Yea, Africa is sexy me and Eric agreed the other day, sitting on the floor of the Chief’s lodge in the gold mining village. What is sexy about Africa? We pondered this and sweat dried foreheads, snacking on peanuts on the scratchy plastic mat. And the more we talked we felt how sweltering these hot days are, sultry and invading, as if the air is pressing its heavy body against you, with intoxicated passivity you ache under its weight. There is no promise of a release except for these electric rain storms, and when it rains it begins with the violent winds where the dust makes you squeeze your eyes shut tight; then the rain swells and unleashes its tiniest drops first and then bigger, faster, your pores cry for relief. Soon the rain is too strong, you can escape under the shelter of leaky straw but maybe you are better off getting wet, sopping, streaming, but finally cool.

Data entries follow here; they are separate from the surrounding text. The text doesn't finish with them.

lemma emeasure_root_choice:
  "emeasure (tree_space p) {\<omega> \<in> space (tree_space p). Choice \<omega> [] = b} = ennreal (1/2)"
proof -
  interpret product_prob_space "\<lambda>_. vertex_dist p" UNIV by (rule product_prob_space_vertex_dist)
  let ?E = "density lborel (exponential_density 1 :: real \<Rightarrow> real)"
  let ?BG = "measure_pmf (bernoulli_pmf (1/2)) \<Otimes>\<^sub>M measure_pmf (geometric_pmf p)"
  let ?A = "UNIV \<times> ({b} \<times> UNIV) :: (real \<times> bool \<times> nat) set"
  interpret E: prob_space ?E by (rule prob_space_exponential_density) simp
  interpret BG: prob_space ?BG by (intro prob_space_pair prob_space_measure_pmf)
  have "?A \<in> sets (vertex_dist p)"
    unfolding vertex_dist_def by (intro pair_measureI) auto
  then have "emeasure (tree_space p) {\<omega> \<in> space (tree_space p). Choice \<omega> [] = b} =
      emeasure (vertex_dist p) ?A"
    unfolding tree_space_def Choice_def
    using emeasure_PiM_Collect_single[of "[]" ?A] by (simp add: mem_Times_iff)
  also have "\<dots> = emeasure ?E UNIV * emeasure ?BG ({b} \<times> UNIV)"
    unfolding vertex_dist_def by (rule BG.emeasure_pair_measure_Times) auto
  also have "emeasure ?BG ({b} \<times> UNIV) =
      emeasure (measure_pmf (bernoulli_pmf (1/2))) {b} * emeasure (measure_pmf (geometric_pmf p)) UNIV"
    by (rule measure_pmf.emeasure_pair_measure_Times) auto
  finally show ?thesis
    using E.emeasure_space_1 by (simp add: emeasure_pmf_single)
qed

lemma weight_tail_zero_ge_half:
  assumes "v \<noteq> []"
  shows "1/2 \<le> weight_tail p 0 v"
proof -
  interpret prob_space "tree_space p" by (rule prob_space_tree_space)
  have "ennreal (prob {\<omega> \<in> space (tree_space p). Choice \<omega> [] = last v}) = ennreal (1/2)"
    using emeasure_root_choice[of p "last v"] by (simp only: emeasure_eq_measure)
  then have "prob {\<omega> \<in> space (tree_space p). Choice \<omega> [] = last v} = 1/2"
    by (subst (asm) ennreal_inj) auto
  moreover have "prob {\<omega> \<in> space (tree_space p). Choice \<omega> [] = last v} \<le> weight_tail p 0 v"
    unfolding weight_tail_def path_weight_eq_Wv
    using one_le_Wv[OF assms] by (intro finite_measure_mono) (fastforce, measurable)
  ultimately show ?thesis by simp
qed

lemma gamma_zero_less_ln_2:
  assumes "g \<in> o(\<lambda>m. real m)"
    and "\<forall>v. weight_tail p 0 v \<le> exp (- real (length v) * \<gamma> 0 + g (length v))"
  shows "\<gamma> 0 < ln 2"
proof -
  have "\<forall>\<^sub>F m in at_top. norm (g m) \<le> ln 2 / 4 * norm (real m)"
    by (rule landau_o.smallD[OF assms(1)]) simp
  then obtain M0 where M0: "\<And>m. M0 \<le> m \<Longrightarrow> g m \<le> ln 2 / 4 * real m"
    unfolding eventually_at_top_linorder by force
  define m where "m = max M0 4"
  have "4 \<le> m" "g m \<le> ln 2 / 4 * real m" using M0 by (auto simp: m_def)
  have "replicate m True \<noteq> []" using \<open>4 \<le> m\<close> by simp
  then have "1/2 \<le> exp (- real m * \<gamma> 0 + g m)"
    using order.trans[OF weight_tail_zero_ge_half assms(2)[rule_format, of "replicate m True"]] by simp
  then have "exp (- ln 2) \<le> exp (- real m * \<gamma> 0 + g m)"
    by (simp add: exp_minus)
  then have "- ln 2 \<le> - real m * \<gamma> 0 + g m"
    by simp
  then have "\<gamma> 0 \<le> ln 2 / real m + ln 2 / 4"
    using \<open>g m \<le> ln 2 / 4 * real m\<close> \<open>4 \<le> m\<close> by (simp add: field_simps)
  also have "ln 2 / real m \<le> ln 2 / 4"
    using \<open>4 \<le> m\<close> by (intro divide_left_mono) auto
  finally show ?thesis using ln_gt_zero[of "2::real"] by linarith
qed

section \<open>Union bound over the tree\<close>

lemma emeasure_birth_le_Wv_gt_le:
  assumes gap: "\<forall>\<rho>. 0 < \<rho> \<longrightarrow> c * \<rho> \<le> 1 \<longrightarrow> ln 2 + \<delta> \<le> \<gamma> (c * \<rho>) + Upsilon \<rho>"
    and tail: "\<forall>a\<in>{0..1}. \<forall>v. M0 \<le> length v \<longrightarrow>
      weight_tail p a v \<le> exp (- real (length v) * (\<gamma> a - \<eta>))"
    and "0 < c" "0 < t" "M0 \<le> length v" "c * t < real (length v)"
  shows "emeasure (tree_space p) {\<omega>\<in>space (tree_space p). birth \<omega> v \<le> t \<and> Wv \<omega> v > c * t}
     \<le> ennreal (exp (- real (length v) * (ln 2 + \<delta> - \<eta>)))"
proof -
  interpret prob_space "tree_space p" by (rule prob_space_tree_space)
  let ?m = "real (length v)"
  have "0 < ?m" using assms(3-6) by (smt (verit) mult_pos_pos)
  define \<rho> where "\<rho> = t / ?m"
  have "0 < \<rho>" "c * \<rho> \<le> 1" "c * \<rho> \<in> {0..1}"
    using \<open>0 < ?m\<close> assms(3,4,6) by (simp_all add: \<rho>_def field_simps)
  have "emeasure (tree_space p) {\<omega>\<in>space (tree_space p). Wv \<omega> v > c * t}
      \<le> ennreal (exp (- ?m * (\<gamma> (c * \<rho>) - \<eta>)))"
  proof -
    have "c * t = c * \<rho> * ?m" using \<open>0 < ?m\<close> by (simp add: \<rho>_def)
    then have "emeasure (tree_space p) {\<omega>\<in>space (tree_space p). Wv \<omega> v > c * t} =
        ennreal (weight_tail p (c * \<rho>) v)"
      unfolding weight_tail_def path_weight_eq_Wv by (simp only: emeasure_eq_measure)
    then show ?thesis
      using tail \<open>c * \<rho> \<in> {0..1}\<close> assms(5) by (simp add: ennreal_leI)
  qed
  moreover have "emeasure (tree_space p) {\<omega>\<in>space (tree_space p). birth \<omega> v \<le> t}
      \<le> ennreal (exp (- ?m * Upsilon \<rho>))"
    unfolding \<rho>_def by (rule emeasure_birth_le_Upsilon) (use \<open>0 < ?m\<close> assms(4) in auto)
  ultimately have "emeasure (tree_space p) {\<omega>\<in>space (tree_space p). birth \<omega> v \<le> t \<and> Wv \<omega> v > c * t}
      \<le> ennreal (exp (- ?m * Upsilon \<rho>)) * ennreal (exp (- ?m * (\<gamma> (c * \<rho>) - \<eta>)))"
    unfolding emeasure_birth_le_Wv_gt by (intro mult_mono) auto
  also have "\<dots> = ennreal (exp (- ?m * (\<gamma> (c * \<rho>) + Upsilon \<rho> - \<eta>)))"
    by (simp add: ennreal_mult'[symmetric] exp_add[symmetric] algebra_simps)
  also have "\<dots> \<le> ennreal (exp (- ?m * (ln 2 + \<delta> - \<eta>)))"
    using gap \<open>0 < \<rho>\<close> \<open>c * \<rho> \<le> 1\<close> \<open>0 < ?m\<close>
    by (intro ennreal_leI exp_mono mult_left_mono_neg) auto
  finally show ?thesis .
qed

So we sat smelling the roasted goat meat and we saw this taunting "modesty" of the African Muslim culture, the innocence easily seen through as the endless children parade by; let’s not pretend they all sprung from the drowsy gardens. Everyone is together, sweltering skins touch as we squeeze in Bush taxis or sit and talk on the one mat or bench around. And if you are not touching, right next to everyone, well then you are alone in the bush and you are really nothing if you don’t reverberate with everyone in the overflowing drum circles and call out to one another in song. Yes, Africa is sweltering and naked and orgiastic with human energy, so concretely human.